▶ _Task to carry out_:
Take the data below and extract the lines from the one with "with y Pair" to the one with "C)) (subtopology topCinf", inclusive, exactly as written.

▶ _Exercise data_:

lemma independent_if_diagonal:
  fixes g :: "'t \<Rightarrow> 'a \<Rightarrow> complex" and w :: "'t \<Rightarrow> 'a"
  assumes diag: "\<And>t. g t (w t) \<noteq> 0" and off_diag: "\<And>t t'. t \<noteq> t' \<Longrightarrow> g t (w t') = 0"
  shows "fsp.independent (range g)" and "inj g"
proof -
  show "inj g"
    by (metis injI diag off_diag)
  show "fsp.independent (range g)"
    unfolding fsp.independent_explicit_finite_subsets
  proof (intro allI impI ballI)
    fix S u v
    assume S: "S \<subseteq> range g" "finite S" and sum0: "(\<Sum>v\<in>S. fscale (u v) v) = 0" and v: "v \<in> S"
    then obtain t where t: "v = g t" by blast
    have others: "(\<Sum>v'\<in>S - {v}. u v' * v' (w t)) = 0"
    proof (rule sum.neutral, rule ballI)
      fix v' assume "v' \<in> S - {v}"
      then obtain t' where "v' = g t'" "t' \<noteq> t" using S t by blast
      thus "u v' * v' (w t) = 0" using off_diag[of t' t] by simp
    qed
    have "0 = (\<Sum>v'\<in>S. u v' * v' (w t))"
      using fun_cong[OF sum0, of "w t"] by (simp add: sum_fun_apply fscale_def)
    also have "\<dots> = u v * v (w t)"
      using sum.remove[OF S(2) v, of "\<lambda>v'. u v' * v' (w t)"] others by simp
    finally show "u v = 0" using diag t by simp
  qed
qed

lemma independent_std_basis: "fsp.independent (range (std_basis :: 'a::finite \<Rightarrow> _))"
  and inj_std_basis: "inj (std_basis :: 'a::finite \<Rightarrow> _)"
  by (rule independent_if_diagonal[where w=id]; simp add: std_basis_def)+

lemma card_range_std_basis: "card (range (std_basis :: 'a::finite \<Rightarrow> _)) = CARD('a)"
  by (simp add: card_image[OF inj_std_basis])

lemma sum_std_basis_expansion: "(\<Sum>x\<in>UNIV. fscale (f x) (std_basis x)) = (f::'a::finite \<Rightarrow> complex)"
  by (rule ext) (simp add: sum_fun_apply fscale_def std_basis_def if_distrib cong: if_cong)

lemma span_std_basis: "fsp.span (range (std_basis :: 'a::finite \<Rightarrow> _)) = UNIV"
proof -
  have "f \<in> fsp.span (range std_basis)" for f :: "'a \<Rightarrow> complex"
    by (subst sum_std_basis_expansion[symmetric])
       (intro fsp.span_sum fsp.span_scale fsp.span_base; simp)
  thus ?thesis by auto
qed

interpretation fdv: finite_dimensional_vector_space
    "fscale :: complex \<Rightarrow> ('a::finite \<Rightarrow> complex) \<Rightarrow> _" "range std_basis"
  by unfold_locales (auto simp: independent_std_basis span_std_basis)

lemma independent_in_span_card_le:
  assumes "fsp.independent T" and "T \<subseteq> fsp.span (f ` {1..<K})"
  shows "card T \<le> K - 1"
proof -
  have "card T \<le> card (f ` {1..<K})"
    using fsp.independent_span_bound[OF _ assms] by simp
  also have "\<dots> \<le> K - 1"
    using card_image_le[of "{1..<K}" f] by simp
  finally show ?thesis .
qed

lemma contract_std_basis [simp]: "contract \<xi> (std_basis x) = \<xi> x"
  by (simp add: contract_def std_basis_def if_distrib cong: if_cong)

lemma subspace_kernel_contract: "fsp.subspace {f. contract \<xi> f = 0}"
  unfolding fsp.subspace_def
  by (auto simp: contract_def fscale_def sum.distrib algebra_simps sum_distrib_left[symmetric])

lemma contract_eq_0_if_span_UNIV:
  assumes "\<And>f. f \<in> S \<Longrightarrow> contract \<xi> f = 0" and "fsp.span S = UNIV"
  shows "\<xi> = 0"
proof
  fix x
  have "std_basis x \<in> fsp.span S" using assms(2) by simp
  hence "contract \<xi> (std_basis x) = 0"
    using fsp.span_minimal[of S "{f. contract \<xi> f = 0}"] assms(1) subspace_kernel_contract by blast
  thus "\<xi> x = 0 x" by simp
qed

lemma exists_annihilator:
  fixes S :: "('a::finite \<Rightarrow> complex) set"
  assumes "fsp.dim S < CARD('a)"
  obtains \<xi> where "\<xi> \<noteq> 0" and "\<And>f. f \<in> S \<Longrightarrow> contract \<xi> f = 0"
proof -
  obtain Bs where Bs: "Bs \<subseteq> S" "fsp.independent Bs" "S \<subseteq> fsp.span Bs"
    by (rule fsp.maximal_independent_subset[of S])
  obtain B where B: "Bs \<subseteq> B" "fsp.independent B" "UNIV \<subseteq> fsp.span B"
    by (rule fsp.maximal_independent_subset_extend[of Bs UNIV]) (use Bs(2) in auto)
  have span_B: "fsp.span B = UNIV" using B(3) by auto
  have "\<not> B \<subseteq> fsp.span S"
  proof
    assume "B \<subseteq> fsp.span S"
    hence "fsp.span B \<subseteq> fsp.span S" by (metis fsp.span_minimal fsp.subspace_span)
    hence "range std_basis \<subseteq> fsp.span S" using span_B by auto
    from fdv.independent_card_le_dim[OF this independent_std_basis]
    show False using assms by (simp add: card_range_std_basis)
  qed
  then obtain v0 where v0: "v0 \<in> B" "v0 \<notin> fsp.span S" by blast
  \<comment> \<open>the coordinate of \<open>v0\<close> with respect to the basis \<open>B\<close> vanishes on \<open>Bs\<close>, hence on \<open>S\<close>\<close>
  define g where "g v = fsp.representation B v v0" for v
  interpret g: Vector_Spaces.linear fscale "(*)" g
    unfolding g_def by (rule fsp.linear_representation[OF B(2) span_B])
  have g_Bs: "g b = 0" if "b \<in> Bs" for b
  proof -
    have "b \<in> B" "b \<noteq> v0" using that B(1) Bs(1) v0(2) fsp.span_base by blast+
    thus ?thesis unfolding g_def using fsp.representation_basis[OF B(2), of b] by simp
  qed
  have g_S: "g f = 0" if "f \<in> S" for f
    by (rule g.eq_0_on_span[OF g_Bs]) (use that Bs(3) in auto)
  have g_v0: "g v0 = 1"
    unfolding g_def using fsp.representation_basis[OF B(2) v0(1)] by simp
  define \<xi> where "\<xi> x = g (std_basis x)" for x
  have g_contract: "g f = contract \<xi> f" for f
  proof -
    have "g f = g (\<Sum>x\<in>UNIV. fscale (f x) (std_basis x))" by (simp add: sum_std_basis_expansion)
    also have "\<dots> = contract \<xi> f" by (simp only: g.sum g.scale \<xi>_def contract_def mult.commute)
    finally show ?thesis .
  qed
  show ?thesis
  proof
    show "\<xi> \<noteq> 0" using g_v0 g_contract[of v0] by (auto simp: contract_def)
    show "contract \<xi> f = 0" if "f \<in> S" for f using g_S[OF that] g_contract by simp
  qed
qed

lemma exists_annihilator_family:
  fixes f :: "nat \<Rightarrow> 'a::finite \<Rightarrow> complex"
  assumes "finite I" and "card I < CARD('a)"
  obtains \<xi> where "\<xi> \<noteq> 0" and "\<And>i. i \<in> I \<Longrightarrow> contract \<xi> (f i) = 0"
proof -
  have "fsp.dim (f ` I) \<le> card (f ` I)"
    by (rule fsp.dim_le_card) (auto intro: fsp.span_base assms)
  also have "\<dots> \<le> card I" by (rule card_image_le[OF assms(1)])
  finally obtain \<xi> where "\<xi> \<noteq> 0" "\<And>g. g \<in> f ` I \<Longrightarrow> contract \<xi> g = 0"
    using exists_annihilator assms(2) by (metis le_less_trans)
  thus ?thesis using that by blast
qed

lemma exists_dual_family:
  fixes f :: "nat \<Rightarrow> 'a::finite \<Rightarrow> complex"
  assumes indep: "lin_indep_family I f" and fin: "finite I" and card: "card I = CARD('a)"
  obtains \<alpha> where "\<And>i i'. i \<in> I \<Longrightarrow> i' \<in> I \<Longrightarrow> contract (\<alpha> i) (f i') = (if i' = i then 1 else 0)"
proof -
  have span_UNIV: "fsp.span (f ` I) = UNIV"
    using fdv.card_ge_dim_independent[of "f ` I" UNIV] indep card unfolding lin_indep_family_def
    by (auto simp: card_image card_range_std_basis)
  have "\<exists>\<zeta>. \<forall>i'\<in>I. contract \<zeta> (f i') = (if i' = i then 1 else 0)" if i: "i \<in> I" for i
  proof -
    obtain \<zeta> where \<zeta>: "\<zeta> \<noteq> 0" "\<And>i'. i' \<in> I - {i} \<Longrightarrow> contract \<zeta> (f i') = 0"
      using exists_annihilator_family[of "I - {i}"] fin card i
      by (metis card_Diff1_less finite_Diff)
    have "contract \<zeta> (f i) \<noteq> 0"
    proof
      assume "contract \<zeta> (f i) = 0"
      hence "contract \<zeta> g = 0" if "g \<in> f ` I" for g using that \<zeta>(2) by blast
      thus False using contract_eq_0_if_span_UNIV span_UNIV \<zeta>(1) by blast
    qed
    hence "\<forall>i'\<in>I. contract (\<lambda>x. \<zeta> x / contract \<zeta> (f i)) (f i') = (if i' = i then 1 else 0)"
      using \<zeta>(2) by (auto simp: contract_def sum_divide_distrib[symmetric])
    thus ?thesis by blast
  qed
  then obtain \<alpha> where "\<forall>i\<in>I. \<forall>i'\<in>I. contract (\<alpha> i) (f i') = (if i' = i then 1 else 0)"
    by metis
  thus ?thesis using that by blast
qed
==
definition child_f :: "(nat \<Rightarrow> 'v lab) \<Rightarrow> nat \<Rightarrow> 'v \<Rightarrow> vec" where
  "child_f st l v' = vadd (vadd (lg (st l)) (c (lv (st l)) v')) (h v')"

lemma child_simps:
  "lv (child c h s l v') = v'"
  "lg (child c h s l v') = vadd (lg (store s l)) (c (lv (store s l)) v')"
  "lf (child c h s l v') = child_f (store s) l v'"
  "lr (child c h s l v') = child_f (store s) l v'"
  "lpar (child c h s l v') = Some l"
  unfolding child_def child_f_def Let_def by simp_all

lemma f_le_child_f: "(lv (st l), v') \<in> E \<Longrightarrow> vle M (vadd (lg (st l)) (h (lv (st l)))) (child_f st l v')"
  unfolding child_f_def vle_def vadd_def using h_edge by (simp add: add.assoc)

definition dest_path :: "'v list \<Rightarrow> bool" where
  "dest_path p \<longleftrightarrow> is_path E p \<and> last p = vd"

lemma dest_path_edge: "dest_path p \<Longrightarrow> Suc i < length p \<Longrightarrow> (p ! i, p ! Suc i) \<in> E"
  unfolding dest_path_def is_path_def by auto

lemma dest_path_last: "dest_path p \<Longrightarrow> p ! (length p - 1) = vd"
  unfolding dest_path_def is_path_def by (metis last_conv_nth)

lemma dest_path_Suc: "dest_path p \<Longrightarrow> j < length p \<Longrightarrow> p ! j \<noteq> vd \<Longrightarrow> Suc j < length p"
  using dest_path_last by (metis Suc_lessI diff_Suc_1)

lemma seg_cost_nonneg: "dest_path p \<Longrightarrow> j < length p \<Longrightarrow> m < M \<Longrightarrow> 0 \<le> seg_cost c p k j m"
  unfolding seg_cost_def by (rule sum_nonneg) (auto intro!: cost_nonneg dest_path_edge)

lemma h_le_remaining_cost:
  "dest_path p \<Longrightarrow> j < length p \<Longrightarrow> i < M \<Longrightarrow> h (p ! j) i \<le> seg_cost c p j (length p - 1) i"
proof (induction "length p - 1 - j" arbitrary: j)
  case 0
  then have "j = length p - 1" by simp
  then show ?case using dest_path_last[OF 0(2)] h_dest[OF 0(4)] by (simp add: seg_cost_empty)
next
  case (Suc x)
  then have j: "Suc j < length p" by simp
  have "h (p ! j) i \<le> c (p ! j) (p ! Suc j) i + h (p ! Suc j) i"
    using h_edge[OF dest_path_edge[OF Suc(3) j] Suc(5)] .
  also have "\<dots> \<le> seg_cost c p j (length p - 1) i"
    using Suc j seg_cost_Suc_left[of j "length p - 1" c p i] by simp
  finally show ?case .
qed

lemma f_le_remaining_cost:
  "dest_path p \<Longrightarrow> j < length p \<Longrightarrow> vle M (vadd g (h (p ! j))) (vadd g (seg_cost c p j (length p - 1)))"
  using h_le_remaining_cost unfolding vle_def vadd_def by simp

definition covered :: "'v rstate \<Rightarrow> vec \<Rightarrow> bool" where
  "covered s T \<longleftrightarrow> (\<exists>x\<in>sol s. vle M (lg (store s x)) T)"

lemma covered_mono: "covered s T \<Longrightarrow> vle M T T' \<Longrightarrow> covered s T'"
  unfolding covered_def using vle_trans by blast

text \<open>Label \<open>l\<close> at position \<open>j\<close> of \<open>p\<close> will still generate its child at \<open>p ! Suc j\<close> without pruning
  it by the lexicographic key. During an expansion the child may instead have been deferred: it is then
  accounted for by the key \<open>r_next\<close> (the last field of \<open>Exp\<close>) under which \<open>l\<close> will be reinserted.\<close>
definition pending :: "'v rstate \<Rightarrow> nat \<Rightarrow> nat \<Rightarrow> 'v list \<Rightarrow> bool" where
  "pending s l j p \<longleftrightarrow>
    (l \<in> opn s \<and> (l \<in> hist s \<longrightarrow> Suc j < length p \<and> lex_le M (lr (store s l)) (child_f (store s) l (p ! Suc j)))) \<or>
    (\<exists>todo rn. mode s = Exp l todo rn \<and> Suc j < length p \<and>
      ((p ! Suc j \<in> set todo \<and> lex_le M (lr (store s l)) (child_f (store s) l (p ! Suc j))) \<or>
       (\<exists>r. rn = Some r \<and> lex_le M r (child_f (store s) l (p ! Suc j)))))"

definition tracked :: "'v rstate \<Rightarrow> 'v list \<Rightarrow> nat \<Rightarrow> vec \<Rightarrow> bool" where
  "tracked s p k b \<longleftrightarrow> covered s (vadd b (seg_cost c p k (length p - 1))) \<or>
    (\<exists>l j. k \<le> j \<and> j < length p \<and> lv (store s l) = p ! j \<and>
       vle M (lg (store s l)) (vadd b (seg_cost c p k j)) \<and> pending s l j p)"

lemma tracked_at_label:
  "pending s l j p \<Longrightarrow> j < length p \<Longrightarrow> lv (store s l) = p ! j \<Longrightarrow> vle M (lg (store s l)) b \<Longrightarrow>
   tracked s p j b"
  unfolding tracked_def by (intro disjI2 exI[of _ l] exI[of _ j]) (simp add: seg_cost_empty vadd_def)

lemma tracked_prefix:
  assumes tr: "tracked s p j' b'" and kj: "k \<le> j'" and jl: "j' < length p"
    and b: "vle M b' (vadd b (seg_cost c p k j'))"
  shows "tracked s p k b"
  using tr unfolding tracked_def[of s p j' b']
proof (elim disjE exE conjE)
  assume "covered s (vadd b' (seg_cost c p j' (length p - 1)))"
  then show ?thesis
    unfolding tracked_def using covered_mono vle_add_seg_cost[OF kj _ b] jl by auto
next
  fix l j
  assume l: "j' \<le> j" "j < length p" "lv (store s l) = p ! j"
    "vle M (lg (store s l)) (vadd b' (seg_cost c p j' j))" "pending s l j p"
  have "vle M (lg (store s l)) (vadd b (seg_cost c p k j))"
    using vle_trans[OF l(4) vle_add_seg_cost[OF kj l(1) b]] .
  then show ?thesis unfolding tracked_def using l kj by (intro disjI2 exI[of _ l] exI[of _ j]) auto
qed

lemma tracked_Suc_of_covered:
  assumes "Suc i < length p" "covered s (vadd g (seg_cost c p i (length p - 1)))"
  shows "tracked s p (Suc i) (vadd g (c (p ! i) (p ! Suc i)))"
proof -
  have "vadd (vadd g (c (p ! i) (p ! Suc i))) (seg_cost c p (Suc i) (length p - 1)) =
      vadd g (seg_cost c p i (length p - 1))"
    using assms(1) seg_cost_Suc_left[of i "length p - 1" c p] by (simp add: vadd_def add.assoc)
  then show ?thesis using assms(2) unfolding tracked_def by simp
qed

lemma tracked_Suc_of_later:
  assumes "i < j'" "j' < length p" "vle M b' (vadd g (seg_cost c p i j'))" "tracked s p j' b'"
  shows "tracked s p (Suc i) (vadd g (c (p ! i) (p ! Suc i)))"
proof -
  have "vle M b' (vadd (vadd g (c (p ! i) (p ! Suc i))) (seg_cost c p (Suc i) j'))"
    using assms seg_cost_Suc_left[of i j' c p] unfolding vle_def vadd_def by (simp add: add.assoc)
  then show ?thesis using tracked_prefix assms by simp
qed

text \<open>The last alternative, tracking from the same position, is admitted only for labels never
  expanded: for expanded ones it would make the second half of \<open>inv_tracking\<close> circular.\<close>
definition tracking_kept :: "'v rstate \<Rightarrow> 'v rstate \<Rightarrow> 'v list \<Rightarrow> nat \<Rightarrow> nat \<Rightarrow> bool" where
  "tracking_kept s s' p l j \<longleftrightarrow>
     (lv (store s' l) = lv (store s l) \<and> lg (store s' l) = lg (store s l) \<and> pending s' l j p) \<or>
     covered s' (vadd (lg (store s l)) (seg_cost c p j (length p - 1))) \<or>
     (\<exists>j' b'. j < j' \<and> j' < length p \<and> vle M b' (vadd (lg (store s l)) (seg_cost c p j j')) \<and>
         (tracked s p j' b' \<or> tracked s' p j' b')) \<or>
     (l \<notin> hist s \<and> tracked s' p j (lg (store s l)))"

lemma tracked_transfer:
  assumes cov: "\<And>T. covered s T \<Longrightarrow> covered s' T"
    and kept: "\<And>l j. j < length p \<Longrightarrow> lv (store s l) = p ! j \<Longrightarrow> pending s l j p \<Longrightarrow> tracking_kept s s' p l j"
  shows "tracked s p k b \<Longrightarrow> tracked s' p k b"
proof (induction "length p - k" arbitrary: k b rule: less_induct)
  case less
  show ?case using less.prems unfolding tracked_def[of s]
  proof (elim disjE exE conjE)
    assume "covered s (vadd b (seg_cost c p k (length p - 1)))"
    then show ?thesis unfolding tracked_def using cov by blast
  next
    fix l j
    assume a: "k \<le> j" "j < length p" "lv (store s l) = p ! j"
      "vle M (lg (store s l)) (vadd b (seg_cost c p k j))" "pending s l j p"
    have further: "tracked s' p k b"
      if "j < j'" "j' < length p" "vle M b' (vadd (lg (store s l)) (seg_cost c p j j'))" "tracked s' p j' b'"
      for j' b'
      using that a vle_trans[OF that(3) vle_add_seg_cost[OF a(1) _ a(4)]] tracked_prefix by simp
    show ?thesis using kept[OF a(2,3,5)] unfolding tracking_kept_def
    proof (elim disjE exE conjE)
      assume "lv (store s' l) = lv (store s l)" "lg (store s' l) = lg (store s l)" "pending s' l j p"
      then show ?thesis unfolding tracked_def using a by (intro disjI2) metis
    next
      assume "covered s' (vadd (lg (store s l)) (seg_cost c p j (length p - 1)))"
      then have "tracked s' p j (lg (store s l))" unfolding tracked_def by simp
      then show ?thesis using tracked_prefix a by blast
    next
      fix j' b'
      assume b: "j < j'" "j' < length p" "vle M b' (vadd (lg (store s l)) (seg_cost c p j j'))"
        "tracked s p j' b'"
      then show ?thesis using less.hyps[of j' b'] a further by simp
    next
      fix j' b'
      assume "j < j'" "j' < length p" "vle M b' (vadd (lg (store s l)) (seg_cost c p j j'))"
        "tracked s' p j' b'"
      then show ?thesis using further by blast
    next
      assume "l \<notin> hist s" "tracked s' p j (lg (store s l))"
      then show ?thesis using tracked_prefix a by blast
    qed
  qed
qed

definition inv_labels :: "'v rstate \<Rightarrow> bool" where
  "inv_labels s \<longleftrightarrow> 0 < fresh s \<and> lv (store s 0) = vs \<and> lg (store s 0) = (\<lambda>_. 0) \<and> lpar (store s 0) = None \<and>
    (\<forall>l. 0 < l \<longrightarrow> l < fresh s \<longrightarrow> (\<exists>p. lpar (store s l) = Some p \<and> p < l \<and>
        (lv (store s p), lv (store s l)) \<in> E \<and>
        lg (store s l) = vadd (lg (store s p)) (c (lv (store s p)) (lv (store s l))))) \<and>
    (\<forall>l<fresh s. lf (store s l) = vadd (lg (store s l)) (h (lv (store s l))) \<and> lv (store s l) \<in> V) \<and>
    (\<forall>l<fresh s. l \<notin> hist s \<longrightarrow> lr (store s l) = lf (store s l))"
---
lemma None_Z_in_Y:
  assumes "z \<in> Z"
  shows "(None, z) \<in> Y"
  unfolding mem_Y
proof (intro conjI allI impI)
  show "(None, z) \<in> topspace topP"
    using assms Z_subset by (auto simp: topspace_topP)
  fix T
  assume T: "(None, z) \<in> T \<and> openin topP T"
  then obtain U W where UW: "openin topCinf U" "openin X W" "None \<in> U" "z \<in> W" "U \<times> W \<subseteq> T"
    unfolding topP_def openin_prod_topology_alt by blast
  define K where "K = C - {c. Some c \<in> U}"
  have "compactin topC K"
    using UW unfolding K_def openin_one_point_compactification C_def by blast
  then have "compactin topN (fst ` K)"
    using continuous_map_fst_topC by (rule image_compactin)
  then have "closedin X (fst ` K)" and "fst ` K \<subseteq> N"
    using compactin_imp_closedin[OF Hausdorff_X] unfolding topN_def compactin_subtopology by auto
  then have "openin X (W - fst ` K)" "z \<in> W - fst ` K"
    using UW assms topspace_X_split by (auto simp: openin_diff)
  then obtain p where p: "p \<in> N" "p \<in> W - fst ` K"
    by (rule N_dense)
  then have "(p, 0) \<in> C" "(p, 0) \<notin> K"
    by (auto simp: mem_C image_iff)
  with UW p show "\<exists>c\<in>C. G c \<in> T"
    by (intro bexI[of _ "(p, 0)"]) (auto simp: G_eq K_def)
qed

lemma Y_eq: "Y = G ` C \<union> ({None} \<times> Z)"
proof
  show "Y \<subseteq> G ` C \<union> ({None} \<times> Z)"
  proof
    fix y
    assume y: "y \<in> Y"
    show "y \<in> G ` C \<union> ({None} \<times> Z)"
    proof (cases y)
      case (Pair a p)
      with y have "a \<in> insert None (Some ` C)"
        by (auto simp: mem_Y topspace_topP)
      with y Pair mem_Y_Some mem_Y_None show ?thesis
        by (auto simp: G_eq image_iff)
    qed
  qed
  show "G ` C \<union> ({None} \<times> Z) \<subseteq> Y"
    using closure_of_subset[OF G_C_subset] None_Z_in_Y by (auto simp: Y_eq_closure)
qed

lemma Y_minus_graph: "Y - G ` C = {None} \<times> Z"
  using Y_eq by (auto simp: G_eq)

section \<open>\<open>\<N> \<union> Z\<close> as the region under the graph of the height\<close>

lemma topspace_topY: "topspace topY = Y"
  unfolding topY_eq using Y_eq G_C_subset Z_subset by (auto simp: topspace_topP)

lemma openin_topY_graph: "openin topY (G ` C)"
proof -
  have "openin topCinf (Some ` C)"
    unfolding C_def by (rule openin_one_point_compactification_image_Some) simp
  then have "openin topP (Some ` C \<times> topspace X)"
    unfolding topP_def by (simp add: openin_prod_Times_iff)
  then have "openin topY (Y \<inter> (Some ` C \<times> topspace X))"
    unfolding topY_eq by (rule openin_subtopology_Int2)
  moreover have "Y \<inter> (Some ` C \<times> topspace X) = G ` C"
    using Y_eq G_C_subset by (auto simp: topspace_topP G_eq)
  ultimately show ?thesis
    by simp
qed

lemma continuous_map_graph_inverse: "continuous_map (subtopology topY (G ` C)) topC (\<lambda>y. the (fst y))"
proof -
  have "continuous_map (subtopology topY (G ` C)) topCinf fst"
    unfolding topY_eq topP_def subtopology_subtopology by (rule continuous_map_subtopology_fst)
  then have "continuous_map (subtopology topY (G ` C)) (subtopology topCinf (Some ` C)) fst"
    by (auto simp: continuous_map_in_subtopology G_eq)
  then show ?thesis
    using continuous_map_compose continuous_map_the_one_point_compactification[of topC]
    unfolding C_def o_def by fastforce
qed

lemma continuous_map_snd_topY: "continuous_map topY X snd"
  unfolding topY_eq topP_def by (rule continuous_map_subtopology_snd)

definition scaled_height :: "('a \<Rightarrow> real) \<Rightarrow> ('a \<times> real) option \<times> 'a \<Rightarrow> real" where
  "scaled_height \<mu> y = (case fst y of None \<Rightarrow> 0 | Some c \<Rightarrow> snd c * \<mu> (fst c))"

▶ _Answer area_:
      with y Pair mem_Y_Some mem_Y_None show ?thesis
        by (auto simp: G_eq image_iff)
    qed
  qed
  show "G ` C \<union> ({None} \<times> Z) \<subseteq> Y"
    using closure_of_subset[OF G_C_subset] None_Z_in_Y by (auto simp: Y_eq_closure)
qed

lemma Y_minus_graph: "Y - G ` C = {None} \<times> Z"
  using Y_eq by (auto simp: G_eq)

section \<open>\<open>\<N> \<union> Z\<close> as the region under the graph of the height\<close>

lemma topspace_topY: "topspace topY = Y"
  unfolding topY_eq using Y_eq G_C_subset Z_subset by (auto simp: topspace_topP)

lemma openin_topY_graph: "openin topY (G ` C)"
proof -
  have "openin topCinf (Some ` C)"
    unfolding C_def by (rule openin_one_point_compactification_image_Some) simp
  then have "openin topP (Some ` C \<times> topspace X)"
    unfolding topP_def by (simp add: openin_prod_Times_iff)
  then have "openin topY (Y \<inter> (Some ` C \<times> topspace X))"
    unfolding topY_eq by (rule openin_subtopology_Int2)
  moreover have "Y \<inter> (Some ` C \<times> topspace X) = G ` C"
    using Y_eq G_C_subset by (auto simp: topspace_topP G_eq)
  ultimately show ?thesis
    by simp
qed

lemma continuous_map_graph_inverse: "continuous_map (subtopology topY (G ` C)) topC (\<lambda>y. the (fst y))"
proof -
  have "continuous_map (subtopology topY (G ` C)) topCinf fst"
    unfolding topY_eq topP_def subtopology_subtopology by (rule continuous_map_subtopology_fst)
  then have "continuous_map (subtopology topY (G ` C)) (subtopology topCinf (Some ` C)) fst"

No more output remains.